[Collected data entries]
+++
(* Let $G$ be a networked timed DES and let $\tilde{G}$ be its communication automaton, as defined in the context. Then $\psi(\mathcal{L}(\tilde{G}))=\mathcal{L}(G)$.
   Context: A timed automaton is $G=(Q,\tilde{\Sigma},\delta,\Gamma,q_0,Q_m)$ with finite state set $Q$, finite event set $\tilde{\Sigma}=\Sigma\cup\{tick\}$ ($tick$ denotes the elapse of one unit of time), partial transition function $\delta:Q\times\tilde{\Sigma}\to Q$ (extended to strings in the usual way), active event function $\Gamma$, initial state $q_0$ and marked states $Q_m$; $\mathcal{L}(G)=\{s:\delta(q_0,s)\text{ is defined}\}$, $\mathcal{L}_m(G)=\{s:\delta(q_0,s)\in Q_m\}$. Standing assumptions: there is a set $\Sigma_{for}\subseteq\Sigma$ of enforceable events; for all $q$ and all nonempty $s\in\Sigma^*$, $\delta(q,s)\neq q$; every state has at least one defined transition; and for every $s\in\mathcal{L}(G)$ with $s\,tick\notin\mathcal{L}(G)$ there is $\sigma\in\Sigma_{for}$ with $s\sigma\in\mathcal{L}(G)$. The system is $G=G_1\|\cdots\|G_n$ (parallel composition) where $G_i$ has event set $\tilde{\Sigma}_i$ and $\tilde{\Sigma}_i\cap\tilde{\Sigma}_j=\{tick\}$ for $i\neq j$; $\mathcal{A}=\{1,\dots,n\}$ indexes supervisors, supervisor $i$ having observable events $\tilde{\Sigma}_{o,i}\subseteq\tilde{\Sigma}_i$. Communication: a Boolean matrix $\mathbf{COM}\in\{0,1\}^{n\times n}$ with $\mathbf{COM}_{ii}=0$. For each $(i,j)$ with $\mathbf{COM}_{ij}=1$ there is a channel $\mathbf{CH}_{ij}$ from supervisor $i$ to supervisor $j$, a set $\Sigma_{ij}\subseteq\tilde{\Sigma}_{o,i}\setminus\{tick\}$ of events communicated from $i$ to $j$, a subset $\Sigma_{L,ij}\subseteq\Sigma_{ij}$ of events that may be lost, and a delay bound $N_{ij}\in\mathbb{N}$ (in $tick$s); channels are FIFO. For $\mathbf{COM}_{ij}=0$ put $\Sigma_{ij}=\emptyset$. A configuration of $\mathbf{CH}_{ij}$ is a finite sequence $\theta_{ij}=(\sigma_1,n_1)\cdots(\sigma_k,n_k)$ with $\sigma_d\in\Sigma_{ij}$, $n_d\in\{0,\dots,N_{ij}\}$ (number of $tick$s since $\sigma_d$ entered the channel); $\theta_{ij}=\varepsilon$ whenever $\mathbf{COM}_{ij}=0$. A channel state is the tuple $\bar\theta=(\theta_{ij})_{i,j\in\mathcal{A}}$. Let $\mathbf{MAX}(\theta_{ij})=n_1$ if $\theta_{ij}\neq\varepsilon$ and $0$ otherwise; $\varepsilon^+=\varepsilon$ and $((\sigma_1,n_1)\cdots(\sigma_k,n_k))^+=(\sigma_1,n_1+1)\cdots(\sigma_k,n_k+1)$. Operators: $\mathbf{TIME}(\bar\theta)=(\theta_{ij}^+)_{i,j}$, defined iff $\mathbf{MAX}(\theta_{ij}^+)\le N_{ij}$ for all $i,j$; for $\sigma\in\Sigma$, $\mathbf{IN}(\bar\theta,\sigma)$ replaces $\theta_{ij}$ by $\theta_{ij}(\sigma,0)$ for every $(i,j)$ with $\sigma\in\Sigma_{ij}$ and leaves the other components unchanged; for $\sigma\in\Sigma_{ij}$, $\mathbf{OUT}_{ij}(\bar\theta,\sigma)$ is defined iff $\theta_{ij}=(\sigma_1,n_1)\cdots(\sigma_k,n_k)\neq\varepsilon$ with $\sigma_1=\sigma$, and then removes $(\sigma_1,n_1)$ from $\theta_{ij}$; for $d\in\mathbb{N}$, $\mathbf{LOSS}_{ij}(\bar\theta,d)$ is defined iff $\theta_{ij}=(\sigma_1,n_1)\cdots(\sigma_k,n_k)\neq\varepsilon$, $d\le k$ and $\sigma_d\in\Sigma_{L,ij}$, and then removes the $d$th pair from $\theta_{ij}$. Fresh events: $f_{ij}(\sigma)$ for $\sigma\in\Sigma_{ij}$ (the first event $\sigma$ in $\mathbf{CH}_{ij}$ is delivered), forming $\Sigma^f$, and $g_{ij}(d)$ for $d\in\mathbb{N}$ (the $d$th event in $\mathbf{CH}_{ij}$ is lost), forming $\Sigma^g$; $f_{ij},g_{ij}$ are injective with pairwise disjoint images. The communication automaton $\tilde{G}$ is the accessible part of the automaton with states $(q,\bar\theta)$, event set $\tilde{E}\subseteq\tilde{\Sigma}\cup\Sigma^f\cup\Sigma^g$, initial state $(q_0,(\varepsilon)_{i,j})$, marked states $\{(q,\bar\theta):q\in Q_m\}$, and transition function $\tilde\delta$: $\tilde\delta((q,\bar\theta),tick)=(\delta(q,tick),\mathbf{TIME}(\bar\theta))$ if both are defined; $\tilde\delta((q,\bar\theta),\sigma)=(\delta(q,\sigma),\mathbf{IN}(\bar\theta,\sigma))$ for $\sigma\in\Sigma$ if $\delta(q,\sigma)$ is defined; $\tilde\delta((q,\bar\theta),f_{ij}(\sigma))=(q,\mathbf{OUT}_{ij}(\bar\theta,\sigma))$ if defined; $\tilde\delta((q,\bar\theta),g_{ij}(d))=(q,\mathbf{LOSS}_{ij}(\bar\theta,d))$ if defined; undefined otherwise. For a string $\mu$ over $\tilde E$, $\psi(\mu)$ is obtained by deleting all events of $\Sigma^f\cup\Sigma^g$; $\psi(L)=\{\psi(\mu):\mu\in L\}$. *)

theory Defs
  imports Main
begin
+++
EXERCISE REQUIREMENTS ▸
Word-for-word copies of all the records are required.

WRITTEN RESPONSE ▸
(* Let $G$ be a networked timed DES and let $\tilde{G}$ be its communication automaton, as defined in the context. Then $\psi(\mathcal{L}(\tilde{G}))=\mathcal{L}(G)$.
   Context: A timed automaton is $G=(Q,\tilde{\Sigma},\delta,\Gamma,q_0,Q_m)$ with finite state set $Q$, finite event set $\tilde{\Sigma}=\Sigma\cup\{tick\}$ ($tick$ denotes the elapse of one unit of time), partial transition function $\delta:Q\times\tilde{\Sigma}\to Q$ (extended to strings in the usual way), active event function $\Gamma$, initial state $q_0$ and marked states $Q_m$; $\mathcal{L}(G)=\{s:\delta(q_0,s)\text{ is defined}\}$, $\mathcal{L}_m(G)=\{s:\delta(q_0,s)\in Q_m\}$. Standing assumptions: there is a set $\Sigma_{for}\subseteq\Sigma$ of enforceable events; for all $q$ and all nonempty $s\in\Sigma^*$, $\delta(q,s)\neq q$; every state has at least one defined transition; and for every $s\in\mathcal{L}(G)$ with $s\,tick\notin\mathcal{L}(G)$ there is $\sigma\in\Sigma_{for}$ with $s\sigma\in\mathcal{L}(G)$. The system is $G=G_1\|\cdots\|G_n$ (parallel composition) where $G_i$ has event set $\tilde{\Sigma}_i$ and $\tilde{\Sigma}_i\cap\tilde{\Sigma}_j=\{tick\}$ for $i\neq j$; $\mathcal{A}=\{1,\dots,n\}$ indexes supervisors, supervisor $i$ having observable events $\tilde{\Sigma}_{o,i}\subseteq\tilde{\Sigma}_i$. Communication: a Boolean matrix $\mathbf{COM}\in\{0,1\}^{n\times n}$ with $\mathbf{COM}_{ii}=0$. For each $(i,j)$ with $\mathbf{COM}_{ij}=1$ there is a channel $\mathbf{CH}_{ij}$ from supervisor $i$ to supervisor $j$, a set $\Sigma_{ij}\subseteq\tilde{\Sigma}_{o,i}\setminus\{tick\}$ of events communicated from $i$ to $j$, a subset $\Sigma_{L,ij}\subseteq\Sigma_{ij}$ of events that may be lost, and a delay bound $N_{ij}\in\mathbb{N}$ (in $tick$s); channels are FIFO. For $\mathbf{COM}_{ij}=0$ put $\Sigma_{ij}=\emptyset$. A configuration of $\mathbf{CH}_{ij}$ is a finite sequence $\theta_{ij}=(\sigma_1,n_1)\cdots(\sigma_k,n_k)$ with $\sigma_d\in\Sigma_{ij}$, $n_d\in\{0,\dots,N_{ij}\}$ (number of $tick$s since $\sigma_d$ entered the channel); $\theta_{ij}=\varepsilon$ whenever $\mathbf{COM}_{ij}=0$. A channel state is the tuple $\bar\theta=(\theta_{ij})_{i,j\in\mathcal{A}}$. Let $\mathbf{MAX}(\theta_{ij})=n_1$ if $\theta_{ij}\neq\varepsilon$ and $0$ otherwise; $\varepsilon^+=\varepsilon$ and $((\sigma_1,n_1)\cdots(\sigma_k,n_k))^+=(\sigma_1,n_1+1)\cdots(\sigma_k,n_k+1)$. Operators: $\mathbf{TIME}(\bar\theta)=(\theta_{ij}^+)_{i,j}$, defined iff $\mathbf{MAX}(\theta_{ij}^+)\le N_{ij}$ for all $i,j$; for $\sigma\in\Sigma$, $\mathbf{IN}(\bar\theta,\sigma)$ replaces $\theta_{ij}$ by $\theta_{ij}(\sigma,0)$ for every $(i,j)$ with $\sigma\in\Sigma_{ij}$ and leaves the other components unchanged; for $\sigma\in\Sigma_{ij}$, $\mathbf{OUT}_{ij}(\bar\theta,\sigma)$ is defined iff $\theta_{ij}=(\sigma_1,n_1)\cdots(\sigma_k,n_k)\neq\varepsilon$ with $\sigma_1=\sigma$, and then removes $(\sigma_1,n_1)$ from $\theta_{ij}$; for $d\in\mathbb{N}$, $\mathbf{LOSS}_{ij}(\bar\theta,d)$ is defined iff $\theta_{ij}=(\sigma_1,n_1)\cdots(\sigma_k,n_k)\neq\varepsilon$, $d\le k$ and $\sigma_d\in\Sigma_{L,ij}$, and then removes the $d$th pair from $\theta_{ij}$. Fresh events: $f_{ij}(\sigma)$ for $\sigma\in\Sigma_{ij}$ (the first event $\sigma$ in $\mathbf{CH}_{ij}$ is delivered), forming $\Sigma^f$, and $g_{ij}(d)$ for $d\in\mathbb{N}$ (the $d$th event in $\mathbf{CH}_{ij}$ is lost), forming $\Sigma^g$; $f_{ij},g_{ij}$ are injective with pairwise disjoint images. The communication automaton $\tilde{G}$ is the accessible part of the automaton with states $(q,\bar\theta)$, event set $\tilde{E}\subseteq\tilde{\Sigma}\cup\Sigma^f\cup\Sigma^g$, initial state $(q_0,(\varepsilon)_{i,j})$, marked states $\{(q,\bar\theta):q\in Q_m\}$, and transition function $\tilde\delta$: $\tilde\delta((q,\bar\theta),tick)=(\delta(q,tick),\mathbf{TIME}(\bar\theta))$ if both are defined; $\tilde\delta((q,\bar\theta),\sigma)=(\delta(q,\sigma),\mathbf{IN}(\bar\theta,\sigma))$ for $\sigma\in\Sigma$ if $\delta(q,\sigma)$ is defined; $\tilde\delta((q,\bar\theta),f_{ij}(\sigma))=(q,\mathbf{OUT}_{ij}(\bar\theta,\sigma))$ if defined; $\tilde\delta((q,\bar\theta),g_{ij}(d))=(q,\mathbf{LOSS}_{ij}(\bar\theta,d))$ if defined; undefined otherwise. For a string $\mu$ over $\tilde E$, $\psi(\mu)$ is obtained by deleting all events of $\Sigma^f\cup\Sigma^g$; $\psi(L)=\{\psi(\mu):\mu\in L\}$. *)

theory Defs
  imports Main
begin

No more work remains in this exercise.